NG23B-1799
On the Distinctively Skewed and Heavy Tailed Character of Atmospheric and Oceanic Probability Distributions

Tuesday, 15 December 2015
Poster Hall (Moscone South)
Cecile Penland, NOAA Earth System Research Laboratory, Physical Sciences Division, Boulder, CO, United States and Prashant D Sardeshmukh, CIRES, Boulder, CO, United States
Abstract:
The probability distributions of large-scale atmospheric and oceanic variables are generally

skewed and heavy-tailed.
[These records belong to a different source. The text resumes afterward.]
lemma finite_order_conj_torsion_letter:
  fixes k :: nat
  assumes "reduced w" "k > 0" "w [^]\<^bsub>FP\<^esub> k = []"
  shows "w = [] \<or> conj_torsion_letter k w"
  using assms
proof (induction "length w" arbitrary: w rule: less_induct)
  case less
  note w = less.prems(1)
  show ?case
  proof (cases w)
    case (Cons x r)
    obtain i a where x: "x = (i, a)" by (cases x)
    have ia: "i \<in> I" "a \<in> carrier (A i)" "a \<noteq> \<one>\<^bsub>A i\<^esub>" using w Cons x by (auto simp: reduced_Cons)
    consider "r = []" | "r \<noteq> []" "fst (last r) \<noteq> i" | m b where "r = m @ [(i, b)]"
      by (metis append_butlast_last_id prod.collapse)
    then show ?thesis
    proof cases
      case 1
      then have "w = letter i a" using Cons x ia by (simp add: letter_eq_singleton)
      then show ?thesis using conj_torsion_letter_letter ia less.prems(3) by simp
    next
      case 2
      then have "w [^]\<^bsub>FP\<^esub> Suc (k - 1) = concat (replicate (Suc (k - 1)) w)"
        using pow_cyclically_reduced[OF w] Cons x by simp
      then show ?thesis using less.prems(2,3) Cons by simp
    next
      case 3
      let ?g = "letter i a"
      let ?w' = "inv\<^bsub>FP\<^esub> ?g \<otimes>\<^bsub>FP\<^esub> w \<otimes>\<^bsub>FP\<^esub> ?g"
      have g: "?g \<in> carrier FP" and wc: "w \<in> carrier FP" using letter_reduced ia w by simp_all
      have "?w' [^]\<^bsub>FP\<^esub> k = inv\<^bsub>FP\<^esub> ?g \<otimes>\<^bsub>FP\<^esub> \<one>\<^bsub>FP\<^esub> \<otimes>\<^bsub>FP\<^esub> ?g"
        using FP.nat_pow_conj[OF g wc] less.prems(3) by (simp del: mult_FP)
      then have "?w' [^]\<^bsub>FP\<^esub> k = \<one>\<^bsub>FP\<^esub>" using g by (simp del: mult_FP one_FP carrier_FP)
      moreover have "length ?w' < length w" using conj_letter_shorter w Cons x 3 by simp
      moreover have "?w' \<in> carrier FP" using g wc by (simp del: mult_FP carrier_FP)
      ultimately have "?w' = \<one>\<^bsub>FP\<^esub> \<or> conj_torsion_letter k ?w'"
        using less.hyps less.prems(2) by simp
      moreover have "w = \<one>\<^bsub>FP\<^esub>" if "?w' = \<one>\<^bsub>FP\<^esub>"
        using that g FP.conj_eq_conjD[OF g wc FP.one_closed FP.one_closed]
        by (simp del: mult_FP one_FP carrier_FP)
      ultimately show ?thesis using conj_torsion_letter_conjD[OF g wc] by auto
    qed
  qed simp
qed

end

section \<open>Maps induced by homomorphisms of the factors\<close>

locale free_prod_map = A: free_prod I A + B: free_prod I B
  for I :: "'i set" and A :: "'i \<Rightarrow> ('a, 'b) monoid_scheme" and B :: "'i \<Rightarrow> ('c, 'd) monoid_scheme" +
  fixes h :: "'i \<Rightarrow> 'a \<Rightarrow> 'c"
  assumes h_hom: "\<And>i. i \<in> I \<Longrightarrow> h i \<in> hom (A i) (B i)"
    and h_surj: "\<And>i. i \<in> I \<Longrightarrow> h i ` carrier (A i) = carrier (B i)"
begin

definition fp_map :: "('i \<times> 'a) list \<Rightarrow> ('i \<times> 'c) list" where
  "fp_map = A.lift B.FP (\<lambda>i a. B.letter i (h i a))"

lemma letter_comp_hom: "i \<in> I \<Longrightarrow> (\<lambda>a. B.letter i (h i a)) \<in> hom (A i) B.FP"
  using hom_compose[OF h_hom B.letter_hom] by (simp add: comp_def)

sublocale group_hom A.FP B.FP fp_map
  using A.group_FP B.group_FP A.lift_hom[OF B.group_FP letter_comp_hom]
  by (simp add: group_hom_def group_hom_axioms_def fp_map_def)

lemma fp_map_letter: "i \<in> I \<Longrightarrow> a \<in> carrier (A i) \<Longrightarrow> fp_map (A.letter i a) = B.letter i (h i a)"
  unfolding fp_map_def by (rule A.lift_letter[OF B.group_FP letter_comp_hom])

lemma fp_map_surj: "B.reduced v \<Longrightarrow> \<exists>w. A.reduced w \<and> fp_map w = v"
proof (induction v)
  case Nil then show ?case by (intro exI[of _ "[]"]) (simp add: fp_map_def)
next
  case (Cons y v)
  obtain i b where y: "y = (i, b)" by (cases y)
  have ib: "i \<in> I" "b \<in> carrier (B i)" and v: "B.reduced v"
    using Cons.prems y by (auto simp: B.reduced_Cons)
  obtain w where w: "A.reduced w" "fp_map w = v" using Cons.IH v by blast
  obtain a where a: "a \<in> carrier (A i)" "h i a = b" using h_surj[OF ib(1)] ib(2) by force
  have l: "A.letter i a \<in> carrier A.FP" using A.letter_reduced[OF ib(1) a(1)] by simp
  have "fp_map (A.letter i a \<otimes>\<^bsub>A.FP\<^esub> w) = B.letter i b \<otimes>\<^bsub>B.FP\<^esub> v"
    using hom_mult[OF l] w fp_map_letter[OF ib(1) a(1)] a(2) by simp
  also have "\<dots> = y # v" using B.Cons_eq_letter_mult Cons.prems y by simp
  finally show ?case using A.FP.m_closed[OF l] w(1) by (intro exI[of _ "A.letter i a \<otimes>\<^bsub>A.FP\<^esub> w"]) simp
qed

lemma fp_map_conj_letter_surj:
  assumes "B.reduced v" "i \<in> I" "a \<in> carrier (A i)"
  obtains u where "A.reduced u"
    "fp_map (u \<otimes>\<^bsub>A.FP\<^esub> A.letter i a \<otimes>\<^bsub>A.FP\<^esub> inv\<^bsub>A.FP\<^esub> u) =
      v \<otimes>\<^bsub>B.FP\<^esub> B.letter i (h i a) \<otimes>\<^bsub>B.FP\<^esub> inv\<^bsub>B.FP\<^esub> v"
proof -
  obtain u where u: "A.reduced u" "fp_map u = v" using fp_map_surj[OF assms(1)] by blast
  moreover have "u \<in> carrier A.FP" "A.letter i a \<in> carrier A.FP"
    using u(1) A.letter_reduced[OF assms(2,3)] by simp_all
  ultimately show ?thesis
    using that fp_map_letter[OF assms(2,3)]
    by (simp del: A.mult_FP A.carrier_FP A.one_FP B.mult_FP B.carrier_FP B.one_FP)
qed

lemma fp_map_eq_map:
  assumes "A.reduced w" "\<forall>(i, a) \<in> set w. h i a \<noteq> \<one>\<^bsub>B i\<^esub>"
  shows "fp_map w = map (\<lambda>(i, a). (i, h i a)) w \<and> B.reduced (map (\<lambda>(i, a). (i, h i a)) w)"
  using assms
proof (induction w)
  case Nil then show ?case by (simp add: fp_map_def)
next
  case (Cons x w)
  obtain i a where x: "x = (i, a)" by (cases x)
  have ia: "i \<in> I" "a \<in> carrier (A i)" and w: "A.reduced w" and hd: "w = [] \<or> i \<noteq> fst (hd w)"
    using Cons.prems x by (auto simp: A.reduced_Cons)
  have ha: "h i a \<in> carrier (B i)" "h i a \<noteq> \<one>\<^bsub>B i\<^esub>"
    using h_hom[OF ia(1)] ia(2) Cons.prems(2) x by (auto simp: hom_def)
  let ?m = "map (\<lambda>(i, a). (i, h i a)) w"
  have IH: "fp_map w = ?m" "B.reduced ?m" using Cons w by auto
  have "B.reduced ((i, h i a) # ?m)"
    using ia ha IH hd by (cases w) (auto simp: B.reduced_Cons)
  moreover have "fp_map (x # w) = B.letter i (h i a) \<otimes>\<^bsub>B.FP\<^esub> ?m"
    using x IH by (simp add: fp_map_def)
  ultimately show ?case using B.Cons_eq_letter_mult x by simp
qed

lemma kernel_fp_map_subset:
  assumes "A.reduced w" "fp_map w = []"
  shows "w \<in> normal_closure A.FP (\<Union>i\<in>I. A.letter i ` kernel (A i) (B i) (h i))"
  using assms
proof (induction "length w" arbitrary: w rule: less_induct)
  case less
  let ?M = "normal_closure A.FP (\<Union>i\<in>I. A.letter i ` kernel (A i) (B i) (h i))"
  have gens: "(\<Union>i\<in>I. A.letter i ` kernel (A i) (B i) (h i)) \<subseteq> carrier A.FP"
    using A.letter_reduced by (auto simp: kernel_def)
  interpret M: normal ?M A.FP by (rule normal_closure_normal[OF A.group_FP gens])
  show ?case
  proof (cases "\<forall>(i, a) \<in> set w. h i a \<noteq> \<one>\<^bsub>B i\<^esub>")
    case True
    then have "w = []" using fp_map_eq_map less.prems by fastforce
    then show ?thesis using M.one_closed by simp
  next
    case False
    then obtain i a where "(i, a) \<in> set w" and ia: "h i a = \<one>\<^bsub>B i\<^esub>" by auto
    then obtain p q where w: "w = p @ (i, a) # q" by (auto dest: split_list)
    let ?c = "p \<otimes>\<^bsub>A.FP\<^esub> A.letter i a \<otimes>\<^bsub>A.FP\<^esub> inv\<^bsub>A.FP\<^esub> p"
    have w_split: "w = ?c \<otimes>\<^bsub>A.FP\<^esub> (p \<otimes>\<^bsub>A.FP\<^esub> q)"
      using A.append_Cons_eq_conj_mult less.prems(1) w by blast
    have p: "A.reduced p" and q: "A.reduced q" and ii: "i \<in> I" "a \<in> carrier (A i)"
      using less.prems(1) w by (auto simp: A.reduced_append A.reduced_Cons)
    have "A.letter i a \<in> ?M"
      using normal_closure_incl[OF gens A.group_FP] ii ia by (auto simp: kernel_def)
    then have c: "?c \<in> ?M" using M.inv_op_closed2 p by simp
    have "fp_map (A.letter i a) = \<one>\<^bsub>B.FP\<^esub>"
      using fp_map_letter[OF ii] ia B.letter_eq_Nil_iff by simp
    moreover have "p \<in> carrier A.FP" "A.letter i a \<in> carrier A.FP"
      using p A.letter_reduced[OF ii] by simp_all
    ultimately have "fp_map ?c = \<one>\<^bsub>B.FP\<^esub>"
      by (simp del: A.mult_FP A.carrier_FP B.mult_FP B.carrier_FP B.one_FP)
    moreover have pq: "p \<otimes>\<^bsub>A.FP\<^esub> q \<in> carrier A.FP" using A.fp_mult_reduced[OF p q] by simp
    ultimately have "fp_map (p \<otimes>\<^bsub>A.FP\<^esub> q) = []"
      using hom_mult[OF M.mem_carrier[OF c] pq] hom_closed[OF pq] less.prems(2) w_split
      by (simp del: A.mult_FP A.carrier_FP B.mult_FP B.carrier_FP B.one_FP)
    moreover have "length (p \<otimes>\<^bsub>A.FP\<^esub> q) < length w" using A.length_fp_mult_le[of p q] w by simp
    ultimately have "p \<otimes>\<^bsub>A.FP\<^esub> q \<in> ?M" using less.hyps pq by simp
    then show ?thesis using w_split c M.m_closed by simp
  qed
qed

lemma kernel_fp_map:
  "kernel A.FP B.FP fp_map = normal_closure A.FP (\<Union>i\<in>I. A.letter i ` kernel (A i) (B i) (h i))"
proof
  show "kernel A.FP B.FP fp_map \<subseteq> normal_closure A.FP (\<Union>i\<in>I. A.letter i ` kernel (A i) (B i) (h i))"
    using kernel_fp_map_subset by (auto simp: kernel_def)
  have "A.letter i a \<in> kernel A.FP B.FP fp_map" if "i \<in> I" "a \<in> kernel (A i) (B i) (h i)" for i a
    using that fp_map_letter A.letter_reduced B.letter_eq_Nil_iff by (auto simp: kernel_def)
  then show "normal_closure A.FP (\<Union>i\<in>I. A.letter i ` kernel (A i) (B i) (h i)) \<subseteq> kernel A.FP B.FP fp_map"
    by (intro normal_closure_least normal_kernel) blast
qed

end

section \<open>The torsion series of a free product\<close>

lemma free_prod_map_Mod:
  assumes "free_prod I A" and "\<And>i. i \<in> I \<Longrightarrow> N i \<lhd> A i"
  shows "free_prod_map I A (\<lambda>i. A i Mod N i) (\<lambda>i a. N i #>\<^bsub>A i\<^esub> a)"
proof (intro free_prod_map.intro free_prod_map_axioms.intro free_prod.intro)
  fix i assume i: "i \<in> I"
  then interpret normal "N i" "A i" by (rule assms(2))
  show "group (A i Mod N i)" by (rule factorgroup_is_group)
  show "(\<lambda>a. N i #>\<^bsub>A i\<^esub> a) \<in> hom (A i) (A i Mod N i)" by (rule r_coset_hom_Mod)
  show "(\<lambda>a. N i #>\<^bsub>A i\<^esub> a) ` carrier (A i) = carrier (A i Mod N i)"
    by (auto simp: FactGroup_def RCOSETS_def)
qed (rule free_prod.group_factor[OF assms(1)])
We argue that their distinctive departures from Gaussianity arise fundamentally

from the fact that in a quadratically nonlinear system with a quadratic invariant, the coupling

coefficients between system components are not constant but depend linearly on the system

state in a distinctive way. In particular, the skewness arises from a tendency of the system trajectory

to linger near states of weak coupling. We show that the salient features of the observed non-

Gaussianity can be captured in the simplest such nonlinear 2-component system. If the system is

stochastically forced and linearly damped, with one component damped much more strongly than

the other, then the strongly damped fast component becomes effectively decoupled from the

weakly damped slow component, and its impact on the slow component can be approximated as a

stochastic noise forcing plus an augmented nonlinear damping. In the limit of large time-scale

separation, the nonlinear augmentation of the damping becomes small, and the noise forcing can

be approximated as an additive noise plus a correlated additive and multiplicative noise

(CAM noise) forcing. Much of the diversity of observed large-scale atmospheric and oceanic

probability distributions can be interpreted in this minimal framework.